- Dataset extract -
theorem lemma8:
  fixes p :: "'w::finite pmf"
    and W :: "nat \<Rightarrow> 'w \<Rightarrow> 'f::{finite,field} list"
    and Rs :: "'c \<Rightarrow> 'w \<Rightarrow> 'r" and F :: "'w \<Rightarrow> 'g"
    and Q :: "nat \<Rightarrow> 'c set \<Rightarrow> nat \<Rightarrow> 'w \<Rightarrow> 'q"
    and A :: "nat \<Rightarrow> 'c set \<Rightarrow> nat \<Rightarrow> 'w \<Rightarrow> 'a"
  assumes valid: "valid_scheme p N K L C m W Rs F Q A"
    and n: "n \<in> {1..N}" and k: "k \<in> {1..K}" and k': "k' \<in> {1..K}" and kk': "k \<noteq> k'"
    and U: "admissible C m U"
    and U': "admissible C m U'"
    and HU': "ent (real CARD('f)) p (comps U' Rs) = ent (real CARD('f)) p (comps U Rs)"
    and priv: "map_pmf (\<lambda>\<omega>. (Q k U n \<omega>, A k U n \<omega>, Wall K W \<omega>, comps C Rs \<omega>)) p =
               map_pmf (\<lambda>\<omega>. (Q k' U' n \<omega>, A k' U' n \<omega>, Wall K W \<omega>, comps C Rs \<omega>)) p"
  shows "cent (real CARD('f)) p (A k' U' n) (\<lambda>\<omega>. (Q k' U' n \<omega>, comps U' Rs \<omega>)) =
         cent (real CARD('f)) p (A k' U' n) (\<lambda>\<omega>. (Q k' U' n \<omega>, W k \<omega>, comps U' Rs \<omega>))"
proof -
  let ?b = "real CARD('f)"
  interpret pmf_information_space ?b p
    by unfold_locales (rule one_less_card_field)
  let ?Qs = "allDB N Q k' U'" and ?Z = "\<lambda>\<omega>. (F \<omega>, allDB N A k' U' \<omega>, comps U' Rs \<omega>)"
  let ?Wrest = "Wbar K W k'" and ?QU = "\<lambda>\<omega>. (Q k' U' n \<omega>, comps U' Rs \<omega>)"
  have query_det: "cent ?b p ?Qs F = 0" and secrecy: "minf ?b p ?Wrest ?Z = 0"
    using valid k' U' unfolding valid_scheme_def Let_def by blast+
  have "cent ?b p ?Qs ?Z \<le> cent ?b p ?Qs F"
    by (rule conditional_entropy_antimono) (simp add: determines_def)
  then have "cent ?b p ?Qs ?Z = 0"
    using query_det conditional_entropy_nonneg[of ?Qs ?Z] by simp
  then have secrecy_queries: "minf ?b p ?Wrest (\<lambda>\<omega>. (?Qs \<omega>, ?Z \<omega>)) = 0"
    using secrecy mutual_information_pair_eq[of ?Qs ?Z ?Wrest] by simp
  have "determines ?Wrest (W k)"
    using k kk' by (rule determines_Wbar)
  moreover have "determines (\<lambda>\<omega>. (?Qs \<omega>, ?Z \<omega>)) (\<lambda>\<omega>. (A k' U' n \<omega>, ?QU \<omega>))"
    using determines_allDB[OF n, of Q k' U'] determines_allDB[OF n, of A k' U']
    unfolding determines_def by blast
  ultimately have "minf ?b p (W k) (\<lambda>\<omega>. (A k' U' n \<omega>, ?QU \<omega>)) \<le> 0"
    by (subst secrecy_queries[symmetric]) (rule mutual_information_mono)
  then have leak: "minf ?b p (W k) (\<lambda>\<omega>. (A k' U' n \<omega>, ?QU \<omega>)) = 0"
    using mutual_information_nonneg_simple[of "W k" "\<lambda>\<omega>. (A k' U' n \<omega>, ?QU \<omega>)"] by simp
  have "cent ?b p (A k' U' n) ?QU \<le> cent ?b p (A k' U' n) (\<lambda>\<omega>. (W k \<omega>, ?QU \<omega>))"
    using conditional_entropy_le_add_mutual_information[of "A k' U' n" ?QU "W k"] leak by simp
  also have "\<dots> \<le> cent ?b p (A k' U' n) (\<lambda>\<omega>. (Q k' U' n \<omega>, W k \<omega>, comps U' Rs \<omega>))"
    by (rule conditional_entropy_antimono) (simp add: determines_def)
  finally show ?thesis
    using conditional_entropy_antimono[of "\<lambda>\<omega>. (Q k' U' n \<omega>, W k \<omega>, comps U' Rs \<omega>)" ?QU "A k' U' n"]
    by (simp add: determines_def)
qed

end
lemma KL_outdist_le:
  fixes p r :: "'a::finite \<Rightarrow> real"
  assumes p: "\<And>a. 0 < p a" and r: "\<And>a. 0 < r a" and q: "channel UNIV q"
  shows "KL (outdist p q) (outdist r q) \<le> KL p r"
    and "KL (outdist p q) (outdist r q) = KL p r \<longleftrightarrow> (\<forall>t. \<exists>c. \<forall>a. 0 < q a t \<longrightarrow> p a / r a = c)"
proof -
  define g where "g t = outdist p q t * ln (outdist p q t / outdist r q t)" for t
  define S where "S = outdist (\<lambda>a. p a * ln (p a / r a)) q"
  have out_pos: "0 < outdist p q t \<Longrightarrow> 0 < outdist r q t" for t
    using outdist_pos_iff[of p q t] outdist_pos_iff[of r q t] p r q by blast
  have g_le_S: "g t \<le> S t" for t
    unfolding g_def S_def using outdist_log_sum(1)[where p=p and r=r, OF p r q] .
  have S_has_sum: "(S has_sum (\<Sum>a\<in>UNIV. p a * ln (p a / r a))) UNIV"
    unfolding S_def using q by (rule outdist_has_sum)
  then have S_summable: "S summable_on UNIV" by (rule has_sum_imp_summable)
  \<comment> \<open>the term bound with k = 1 (that is, ln x \<le> x - 1) bounds g below by a summable function\<close>
  have diff_le_g: "outdist p q t - outdist r q t \<le> g t" for t
  proof -
    have "0 \<le> outdist p q t" "0 \<le> outdist r q t"
      using outdist_nonneg p r q by (metis less_imp_le)+
    then show ?thesis
      using log_sum_term_bound(1)[of "outdist p q t" "outdist r q t" 1] out_pos[of t]
      by (simp add: g_def)
  qed
  have "(\<lambda>t. outdist p q t - outdist r q t) summable_on UNIV"
    using has_sum_diff[OF outdist_has_sum[OF q] outdist_has_sum[OF q]] by (rule has_sum_imp_summable)
  then have g_summable: "g summable_on UNIV"
    by (rule summable_on_between[OF _ S_summable]) (use diff_le_g g_le_S in auto)
  have "KL (outdist p q) (outdist r q) = ereal (infsum g UNIV)"
    unfolding KL_def g_def[symmetric] using out_pos g_summable by auto
  moreover have "KL p r = ereal (infsum S UNIV)"
    using S_has_sum r by (simp add: KL_eq_sum infsumI)
  moreover have "infsum g UNIV \<le> infsum S UNIV"
    using g_summable S_summable g_le_S by (rule infsum_mono)
  moreover have "infsum g UNIV = infsum S UNIV \<longleftrightarrow> (\<forall>t. g t = S t)"
    using g_summable S_summable g_le_S by (simp add: infsum_eq_iff_pointwise)
  moreover have "g t = S t \<longleftrightarrow> (\<exists>c. \<forall>a. 0 < q a t \<longrightarrow> p a / r a = c)" for t
    unfolding g_def S_def using outdist_log_sum(2)[where p=p and r=r, OF p r q] .
  ultimately show "KL (outdist p q) (outdist r q) \<le> KL p r"
    and "KL (outdist p q) (outdist r q) = KL p r \<longleftrightarrow> (\<forall>t. \<exists>c. \<forall>a. 0 < q a t \<longrightarrow> p a / r a = c)"
    by auto
qed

- Task instructions -
Reproduce the records above exactly as they appear.

- Result -
theorem lemma8:
  fixes p :: "'w::finite pmf"
    and W :: "nat \<Rightarrow> 'w \<Rightarrow> 'f::{finite,field} list"
    and Rs :: "'c \<Rightarrow> 'w \<Rightarrow> 'r" and F :: "'w \<Rightarrow> 'g"
    and Q :: "nat \<Rightarrow> 'c set \<Rightarrow> nat \<Rightarrow> 'w \<Rightarrow> 'q"
    and A :: "nat \<Rightarrow> 'c set \<Rightarrow> nat \<Rightarrow> 'w \<Rightarrow> 'a"
  assumes valid: "valid_scheme p N K L C m W Rs F Q A"
    and n: "n \<in> {1..N}" and k: "k \<in> {1..K}" and k': "k' \<in> {1..K}" and kk': "k \<noteq> k'"
    and U: "admissible C m U"
    and U': "admissible C m U'"
    and HU': "ent (real CARD('f)) p (comps U' Rs) = ent (real CARD('f)) p (comps U Rs)"
    and priv: "map_pmf (\<lambda>\<omega>. (Q k U n \<omega>, A k U n \<omega>, Wall K W \<omega>, comps C Rs \<omega>)) p =
               map_pmf (\<lambda>\<omega>. (Q k' U' n \<omega>, A k' U' n \<omega>, Wall K W \<omega>, comps C Rs \<omega>)) p"
  shows "cent (real CARD('f)) p (A k' U' n) (\<lambda>\<omega>. (Q k' U' n \<omega>, comps U' Rs \<omega>)) =
         cent (real CARD('f)) p (A k' U' n) (\<lambda>\<omega>. (Q k' U' n \<omega>, W k \<omega>, comps U' Rs \<omega>))"
proof -
  let ?b = "real CARD('f)"
  interpret pmf_information_space ?b p
    by unfold_locales (rule one_less_card_field)
  let ?Qs = "allDB N Q k' U'" and ?Z = "\<lambda>\<omega>. (F \<omega>, allDB N A k' U' \<omega>, comps U' Rs \<omega>)"
  let ?Wrest = "Wbar K W k'" and ?QU = "\<lambda>\<omega>. (Q k' U' n \<omega>, comps U' Rs \<omega>)"
  have query_det: "cent ?b p ?Qs F = 0" and secrecy: "minf ?b p ?Wrest ?Z = 0"
    using valid k' U' unfolding valid_scheme_def Let_def by blast+
  have "cent ?b p ?Qs ?Z \<le> cent ?b p ?Qs F"
    by (rule conditional_entropy_antimono) (simp add: determines_def)
  then have "cent ?b p ?Qs ?Z = 0"
    using query_det conditional_entropy_nonneg[of ?Qs ?Z] by simp
  then have secrecy_queries: "minf ?b p ?Wrest (\<lambda>\<omega>. (?Qs \<omega>, ?Z \<omega>)) = 0"
    using secrecy mutual_information_pair_eq[of ?Qs ?Z ?Wrest] by simp
  have "determines ?Wrest (W k)"
    using k kk' by (rule determines_Wbar)
  moreover have "determines (\<lambda>\<omega>. (?Qs \<omega>, ?Z \<omega>)) (\<lambda>\<omega>. (A k' U' n \<omega>, ?QU \<omega>))"
    using determines_allDB[OF n, of Q k' U'] determines_allDB[OF n, of A k' U']
    unfolding determines_def by blast
  ultimately have "minf ?b p (W k) (\<lambda>\<omega>. (A k' U' n \<omega>, ?QU \<omega>)) \<le> 0"
    by (subst secrecy_queries[symmetric]) (rule mutual_information_mono)
  then have leak: "minf ?b p (W k) (\<lambda>\<omega>. (A k' U' n \<omega>, ?QU \<omega>)) = 0"
    using mutual_information_nonneg_simple[of "W k" "\<lambda>\<omega>. (A k' U' n \<omega>, ?QU \<omega>)"] by simp
  have "cent ?b p (A k' U' n) ?QU \<le> cent ?b p (A k' U' n) (\<lambda>\<omega>. (W k \<omega>, ?QU \<omega>))"
    using conditional_entropy_le_add_mutual_information[of "A k' U' n" ?QU "W k"] leak by simp
  also have "\<dots> \<le> cent ?b p (A k' U' n) (\<lambda>\<omega>. (Q k' U' n \<omega>, W k \<omega>, comps U' Rs \<omega>))"
    by (rule conditional_entropy_antimono) (simp add: determines_def)
  finally show ?thesis
    using conditional_entropy_antimono[of "\<lambda>\<omega>. (Q k' U' n \<omega>, W k \<omega>, comps U' Rs \<omega>)" ?QU "A k' U' n"]
    by (simp add: determines_def)
qed

end
lemma KL_outdist_le:
  fixes p r :: "'a::finite \<Rightarrow> real"
  assumes p: "\<And>a. 0 < p a" and r: "\<And>a. 0 < r a" and q: "channel UNIV q"
  shows "KL (outdist p q) (outdist r q) \<le> KL p r"
    and "KL (outdist p q) (outdist r q) = KL p r \<longleftrightarrow> (\<forall>t. \<exists>c. \<forall>a. 0 < q a t \<longrightarrow> p a / r a = c)"
proof -
  define g where "g t = outdist p q t * ln (outdist p q t / outdist r q t)" for t
  define S where "S = outdist (\<lambda>a. p a * ln (p a / r a)) q"
  have out_pos: "0 < outdist p q t \<Longrightarrow> 0 < outdist r q t" for t
    using outdist_pos_iff[of p q t] outdist_pos_iff[of r q t] p r q by blast
  have g_le_S: "g t \<le> S t" for t
    unfolding g_def S_def using outdist_log_sum(1)[where p=p and r=r, OF p r q] .
  have S_has_sum: "(S has_sum (\<Sum>a\<in>UNIV. p a * ln (p a / r a))) UNIV"
    unfolding S_def using q by (rule outdist_has_sum)
  then have S_summable: "S summable_on UNIV" by (rule has_sum_imp_summable)
  \<comment> \<open>the term bound with k = 1 (that is, ln x \<le> x - 1) bounds g below by a summable function\<close>
  have diff_le_g: "outdist p q t - outdist r q t \<le> g t" for t
  proof -
    have "0 \<le> outdist p q t" "0 \<le> outdist r q t"
      using outdist_nonneg p r q by (metis less_imp_le)+
    then show ?thesis
      using log_sum_term_bound(1)[of "outdist p q t" "outdist r q t" 1] out_pos[of t]
      by (simp add: g_def)
  qed
  have "(\<lambda>t. outdist p q t - outdist r q t) summable_on UNIV"
    using has_sum_diff[OF outdist_has_sum[OF q] outdist_has_sum[OF q]] by (rule has_sum_imp_summable)
  then have g_summable: "g summable_on UNIV"
    by (rule summable_on_between[OF _ S_summable]) (use diff_le_g g_le_S in auto)
  have "KL (outdist p q) (outdist r q) = ereal (infsum g UNIV)"
    unfolding KL_def g_def[symmetric] using out_pos g_summable by auto
  moreover have "KL p r = ereal (infsum S UNIV)"
    using S_has_sum r by (simp add: KL_eq_sum infsumI)
  moreover have "infsum g UNIV \<le> infsum S UNIV"
    using g_summable S_summable g_le_S by (rule infsum_mono)
  moreover have "infsum g UNIV = infsum S UNIV \<longleftrightarrow> (\<forall>t. g t = S t)"
    using g_summable S_summable g_le_S by (simp add: infsum_eq_iff_pointwise)
  moreover have "g t = S t \<longleftrightarrow> (\<exists>c. \<forall>a. 0 < q a t \<longrightarrow> p a / r a = c)" for t
    unfolding g_def S_def using outdist_log_sum(2)[where p=p and r=r, OF p r q] .
  ultimately show "KL (outdist p q) (outdist r q) \<le> KL p r"
    and "KL (outdist p q) (outdist r q) = KL p r \<longleftrightarrow> (\<forall>t. \<exists>c. \<forall>a. 0 < q a t \<longrightarrow> p a / r a = c)"
    by auto
qed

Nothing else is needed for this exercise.